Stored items

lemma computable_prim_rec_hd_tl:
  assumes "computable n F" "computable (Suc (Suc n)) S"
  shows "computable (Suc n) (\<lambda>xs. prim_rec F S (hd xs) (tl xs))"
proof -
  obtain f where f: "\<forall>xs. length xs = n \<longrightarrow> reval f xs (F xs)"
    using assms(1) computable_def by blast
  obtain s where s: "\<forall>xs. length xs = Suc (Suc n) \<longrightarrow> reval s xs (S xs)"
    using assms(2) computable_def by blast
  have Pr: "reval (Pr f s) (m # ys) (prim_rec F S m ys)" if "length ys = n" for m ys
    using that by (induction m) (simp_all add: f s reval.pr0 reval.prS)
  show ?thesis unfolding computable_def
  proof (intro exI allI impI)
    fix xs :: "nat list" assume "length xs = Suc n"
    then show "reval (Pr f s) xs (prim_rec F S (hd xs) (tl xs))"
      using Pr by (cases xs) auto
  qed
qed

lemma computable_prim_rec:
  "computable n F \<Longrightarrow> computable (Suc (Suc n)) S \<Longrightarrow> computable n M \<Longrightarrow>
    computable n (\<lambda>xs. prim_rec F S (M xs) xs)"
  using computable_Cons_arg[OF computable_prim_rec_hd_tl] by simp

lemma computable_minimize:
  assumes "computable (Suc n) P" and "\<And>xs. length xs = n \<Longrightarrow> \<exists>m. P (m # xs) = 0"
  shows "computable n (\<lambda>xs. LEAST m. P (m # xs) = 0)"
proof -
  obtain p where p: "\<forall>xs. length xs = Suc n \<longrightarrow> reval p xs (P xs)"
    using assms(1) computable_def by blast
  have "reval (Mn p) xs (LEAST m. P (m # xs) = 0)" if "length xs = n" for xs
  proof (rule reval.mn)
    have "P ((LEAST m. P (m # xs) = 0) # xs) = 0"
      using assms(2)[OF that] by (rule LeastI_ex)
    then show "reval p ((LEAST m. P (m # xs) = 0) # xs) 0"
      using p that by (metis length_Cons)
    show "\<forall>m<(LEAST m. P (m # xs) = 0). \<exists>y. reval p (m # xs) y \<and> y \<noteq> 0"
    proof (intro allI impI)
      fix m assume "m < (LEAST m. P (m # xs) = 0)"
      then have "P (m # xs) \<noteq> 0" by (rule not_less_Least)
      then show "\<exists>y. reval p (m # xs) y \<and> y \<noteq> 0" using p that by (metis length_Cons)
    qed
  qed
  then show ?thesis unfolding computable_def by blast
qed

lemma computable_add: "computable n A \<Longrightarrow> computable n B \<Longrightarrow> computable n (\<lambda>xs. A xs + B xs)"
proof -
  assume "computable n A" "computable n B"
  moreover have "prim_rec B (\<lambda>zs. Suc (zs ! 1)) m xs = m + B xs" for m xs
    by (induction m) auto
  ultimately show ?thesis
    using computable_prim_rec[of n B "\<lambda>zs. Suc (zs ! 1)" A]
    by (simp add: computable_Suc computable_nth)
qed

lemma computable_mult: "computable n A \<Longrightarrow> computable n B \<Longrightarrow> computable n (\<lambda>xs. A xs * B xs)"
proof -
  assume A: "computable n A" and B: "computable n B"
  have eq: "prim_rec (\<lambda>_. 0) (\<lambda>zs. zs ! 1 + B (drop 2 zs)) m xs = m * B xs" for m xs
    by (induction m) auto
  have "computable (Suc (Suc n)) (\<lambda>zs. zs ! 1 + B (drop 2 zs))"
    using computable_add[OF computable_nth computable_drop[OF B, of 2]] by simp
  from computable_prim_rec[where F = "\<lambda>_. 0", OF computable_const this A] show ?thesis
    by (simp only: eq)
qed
* * *
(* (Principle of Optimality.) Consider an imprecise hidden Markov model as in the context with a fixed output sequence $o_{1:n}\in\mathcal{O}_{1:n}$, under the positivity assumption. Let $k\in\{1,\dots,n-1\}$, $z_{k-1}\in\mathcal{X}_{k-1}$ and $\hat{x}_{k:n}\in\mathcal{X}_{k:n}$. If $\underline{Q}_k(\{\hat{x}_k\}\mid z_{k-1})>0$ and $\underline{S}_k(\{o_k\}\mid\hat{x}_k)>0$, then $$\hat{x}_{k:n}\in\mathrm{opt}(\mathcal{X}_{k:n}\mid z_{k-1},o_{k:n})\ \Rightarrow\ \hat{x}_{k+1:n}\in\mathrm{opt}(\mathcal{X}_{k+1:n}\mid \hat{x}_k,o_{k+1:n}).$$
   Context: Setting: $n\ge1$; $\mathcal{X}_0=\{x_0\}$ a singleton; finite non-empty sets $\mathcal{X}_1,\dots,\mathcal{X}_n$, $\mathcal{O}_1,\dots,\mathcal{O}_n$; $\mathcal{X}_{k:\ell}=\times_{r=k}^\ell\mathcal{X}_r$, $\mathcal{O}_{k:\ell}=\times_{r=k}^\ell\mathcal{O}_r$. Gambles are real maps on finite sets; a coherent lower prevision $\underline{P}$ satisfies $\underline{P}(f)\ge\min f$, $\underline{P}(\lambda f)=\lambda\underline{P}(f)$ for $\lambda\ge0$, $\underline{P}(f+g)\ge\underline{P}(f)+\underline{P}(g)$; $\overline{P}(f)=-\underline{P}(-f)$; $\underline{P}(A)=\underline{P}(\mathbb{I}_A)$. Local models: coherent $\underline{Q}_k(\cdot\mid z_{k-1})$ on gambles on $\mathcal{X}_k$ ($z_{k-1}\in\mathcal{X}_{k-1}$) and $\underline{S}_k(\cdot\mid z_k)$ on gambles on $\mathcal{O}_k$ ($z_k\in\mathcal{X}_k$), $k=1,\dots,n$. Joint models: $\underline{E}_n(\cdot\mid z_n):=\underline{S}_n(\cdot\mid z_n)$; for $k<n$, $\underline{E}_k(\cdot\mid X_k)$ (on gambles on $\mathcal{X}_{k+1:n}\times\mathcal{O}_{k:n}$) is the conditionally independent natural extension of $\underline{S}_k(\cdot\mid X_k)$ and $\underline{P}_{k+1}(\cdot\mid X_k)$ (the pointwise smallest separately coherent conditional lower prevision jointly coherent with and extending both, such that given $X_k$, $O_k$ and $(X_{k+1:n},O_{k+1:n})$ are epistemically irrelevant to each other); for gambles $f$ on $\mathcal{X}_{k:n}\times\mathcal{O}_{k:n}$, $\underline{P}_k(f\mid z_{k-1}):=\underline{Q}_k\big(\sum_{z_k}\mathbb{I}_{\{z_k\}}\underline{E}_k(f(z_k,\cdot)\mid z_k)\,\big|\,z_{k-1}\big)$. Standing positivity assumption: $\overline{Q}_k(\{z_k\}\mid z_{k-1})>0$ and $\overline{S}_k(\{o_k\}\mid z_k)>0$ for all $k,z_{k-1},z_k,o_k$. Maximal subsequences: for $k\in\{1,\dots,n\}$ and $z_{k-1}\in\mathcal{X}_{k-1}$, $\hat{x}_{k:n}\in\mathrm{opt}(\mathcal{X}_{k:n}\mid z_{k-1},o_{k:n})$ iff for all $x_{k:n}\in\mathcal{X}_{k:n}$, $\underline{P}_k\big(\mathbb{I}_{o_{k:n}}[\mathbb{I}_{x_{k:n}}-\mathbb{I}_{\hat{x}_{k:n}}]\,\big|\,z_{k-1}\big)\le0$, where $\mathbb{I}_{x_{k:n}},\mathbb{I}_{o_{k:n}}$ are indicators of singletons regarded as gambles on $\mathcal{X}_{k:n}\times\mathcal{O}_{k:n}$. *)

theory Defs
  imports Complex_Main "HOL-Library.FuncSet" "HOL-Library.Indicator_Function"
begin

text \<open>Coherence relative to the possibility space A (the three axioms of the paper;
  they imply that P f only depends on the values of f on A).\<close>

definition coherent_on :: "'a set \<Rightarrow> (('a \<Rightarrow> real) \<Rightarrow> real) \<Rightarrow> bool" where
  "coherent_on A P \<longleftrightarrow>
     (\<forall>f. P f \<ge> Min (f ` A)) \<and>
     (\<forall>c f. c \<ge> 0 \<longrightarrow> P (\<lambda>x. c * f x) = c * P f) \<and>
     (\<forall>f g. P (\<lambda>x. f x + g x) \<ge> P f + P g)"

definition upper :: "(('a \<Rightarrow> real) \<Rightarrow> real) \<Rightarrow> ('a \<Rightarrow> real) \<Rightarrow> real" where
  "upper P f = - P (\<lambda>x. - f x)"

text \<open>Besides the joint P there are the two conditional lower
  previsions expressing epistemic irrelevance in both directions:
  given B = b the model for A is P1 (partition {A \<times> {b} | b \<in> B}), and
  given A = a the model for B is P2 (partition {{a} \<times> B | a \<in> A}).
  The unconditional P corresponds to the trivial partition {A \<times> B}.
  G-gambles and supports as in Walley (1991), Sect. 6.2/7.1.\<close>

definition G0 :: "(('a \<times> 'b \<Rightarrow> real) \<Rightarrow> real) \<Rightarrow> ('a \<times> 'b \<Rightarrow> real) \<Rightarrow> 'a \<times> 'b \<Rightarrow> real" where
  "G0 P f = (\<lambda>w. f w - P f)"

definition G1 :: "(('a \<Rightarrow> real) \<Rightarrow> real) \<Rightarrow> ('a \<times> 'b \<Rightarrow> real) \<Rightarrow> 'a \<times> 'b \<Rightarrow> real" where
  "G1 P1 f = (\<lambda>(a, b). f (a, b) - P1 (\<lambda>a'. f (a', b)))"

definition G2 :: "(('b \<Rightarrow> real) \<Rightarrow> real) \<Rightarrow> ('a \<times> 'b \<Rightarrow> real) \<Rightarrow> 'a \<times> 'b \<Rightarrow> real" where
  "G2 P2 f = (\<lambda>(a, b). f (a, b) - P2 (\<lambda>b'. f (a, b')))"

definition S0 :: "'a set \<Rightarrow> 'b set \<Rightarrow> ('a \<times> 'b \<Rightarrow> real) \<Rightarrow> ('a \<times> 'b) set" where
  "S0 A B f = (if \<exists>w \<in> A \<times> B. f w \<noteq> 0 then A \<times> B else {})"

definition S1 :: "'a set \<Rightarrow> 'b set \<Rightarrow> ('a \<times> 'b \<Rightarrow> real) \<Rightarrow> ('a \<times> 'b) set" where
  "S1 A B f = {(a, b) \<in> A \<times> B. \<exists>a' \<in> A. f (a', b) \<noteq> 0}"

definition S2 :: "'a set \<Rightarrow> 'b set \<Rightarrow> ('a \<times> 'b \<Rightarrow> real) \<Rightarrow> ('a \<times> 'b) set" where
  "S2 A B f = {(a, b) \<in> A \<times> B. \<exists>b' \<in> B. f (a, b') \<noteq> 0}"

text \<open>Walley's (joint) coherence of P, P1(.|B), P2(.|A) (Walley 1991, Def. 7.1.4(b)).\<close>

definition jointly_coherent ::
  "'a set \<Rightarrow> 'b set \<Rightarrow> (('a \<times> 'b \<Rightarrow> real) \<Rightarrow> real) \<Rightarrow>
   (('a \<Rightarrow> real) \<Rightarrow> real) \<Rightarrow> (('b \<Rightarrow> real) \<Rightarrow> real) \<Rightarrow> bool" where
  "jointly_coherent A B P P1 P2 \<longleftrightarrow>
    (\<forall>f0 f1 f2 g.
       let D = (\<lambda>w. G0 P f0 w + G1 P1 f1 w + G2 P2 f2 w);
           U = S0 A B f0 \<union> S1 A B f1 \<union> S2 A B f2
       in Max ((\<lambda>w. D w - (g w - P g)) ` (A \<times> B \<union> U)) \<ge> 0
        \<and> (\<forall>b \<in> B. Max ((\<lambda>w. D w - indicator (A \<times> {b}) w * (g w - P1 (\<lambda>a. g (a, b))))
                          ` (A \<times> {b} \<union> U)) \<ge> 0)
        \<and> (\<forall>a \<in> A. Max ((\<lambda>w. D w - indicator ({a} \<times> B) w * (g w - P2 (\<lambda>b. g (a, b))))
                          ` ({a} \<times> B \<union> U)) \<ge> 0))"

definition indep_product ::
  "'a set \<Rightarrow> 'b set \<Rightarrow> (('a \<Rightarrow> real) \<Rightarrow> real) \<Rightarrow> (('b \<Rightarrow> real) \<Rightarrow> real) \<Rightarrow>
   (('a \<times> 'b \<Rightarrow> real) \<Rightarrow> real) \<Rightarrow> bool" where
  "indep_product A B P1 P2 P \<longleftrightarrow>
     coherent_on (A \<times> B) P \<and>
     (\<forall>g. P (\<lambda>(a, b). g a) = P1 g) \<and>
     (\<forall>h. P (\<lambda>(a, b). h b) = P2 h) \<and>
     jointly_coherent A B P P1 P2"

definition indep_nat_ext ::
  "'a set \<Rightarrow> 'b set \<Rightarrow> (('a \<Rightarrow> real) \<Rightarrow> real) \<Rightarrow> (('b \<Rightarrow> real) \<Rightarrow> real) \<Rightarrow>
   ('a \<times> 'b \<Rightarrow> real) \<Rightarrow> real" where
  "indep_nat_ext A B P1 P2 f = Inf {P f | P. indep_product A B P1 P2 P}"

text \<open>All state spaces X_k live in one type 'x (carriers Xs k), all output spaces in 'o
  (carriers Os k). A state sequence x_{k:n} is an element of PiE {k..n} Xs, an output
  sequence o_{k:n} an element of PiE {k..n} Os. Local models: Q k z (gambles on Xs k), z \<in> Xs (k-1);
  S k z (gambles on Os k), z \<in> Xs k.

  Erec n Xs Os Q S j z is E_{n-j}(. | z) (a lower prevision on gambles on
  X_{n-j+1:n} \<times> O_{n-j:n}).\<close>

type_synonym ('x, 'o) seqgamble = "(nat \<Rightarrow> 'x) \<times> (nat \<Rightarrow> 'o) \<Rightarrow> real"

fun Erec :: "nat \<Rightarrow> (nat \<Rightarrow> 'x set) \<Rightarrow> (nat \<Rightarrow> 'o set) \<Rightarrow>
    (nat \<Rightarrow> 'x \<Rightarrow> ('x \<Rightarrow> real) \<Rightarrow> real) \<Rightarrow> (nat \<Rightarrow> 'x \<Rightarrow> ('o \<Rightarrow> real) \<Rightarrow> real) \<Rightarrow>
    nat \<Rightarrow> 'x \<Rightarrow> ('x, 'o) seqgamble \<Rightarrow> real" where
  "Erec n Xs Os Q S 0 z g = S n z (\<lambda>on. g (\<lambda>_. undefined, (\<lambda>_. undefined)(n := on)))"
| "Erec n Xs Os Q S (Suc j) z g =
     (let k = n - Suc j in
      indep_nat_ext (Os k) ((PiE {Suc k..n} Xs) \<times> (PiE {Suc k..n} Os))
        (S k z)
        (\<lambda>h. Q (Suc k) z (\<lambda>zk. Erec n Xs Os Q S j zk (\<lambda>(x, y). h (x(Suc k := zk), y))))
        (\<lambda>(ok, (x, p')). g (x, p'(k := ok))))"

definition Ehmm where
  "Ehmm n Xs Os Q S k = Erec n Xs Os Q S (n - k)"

[DIRECTIONS FOR THIS TASK]:
Please copy every line from the entries that includes the word "Erec".

[RESULT]:
  Erec n Xs Os Q S j z is E_{n-j}(. | z) (a lower prevision on gambles on
fun Erec :: "nat \<Rightarrow> (nat \<Rightarrow> 'x set) \<Rightarrow> (nat \<Rightarrow> 'o set) \<Rightarrow>
  "Erec n Xs Os Q S 0 z g = S n z (\<lambda>on. g (\<lambda>_. undefined, (\<lambda>_. undefined)(n := on)))"
| "Erec n Xs Os Q S (Suc j) z g =
        (\<lambda>h. Q (Suc k) z (\<lambda>zk. Erec n Xs Os Q S j zk (\<lambda>(x, y). h (x(Suc k := zk), y))))
  "Ehmm n Xs Os Q S k = Erec n Xs Os Q S (n - k)"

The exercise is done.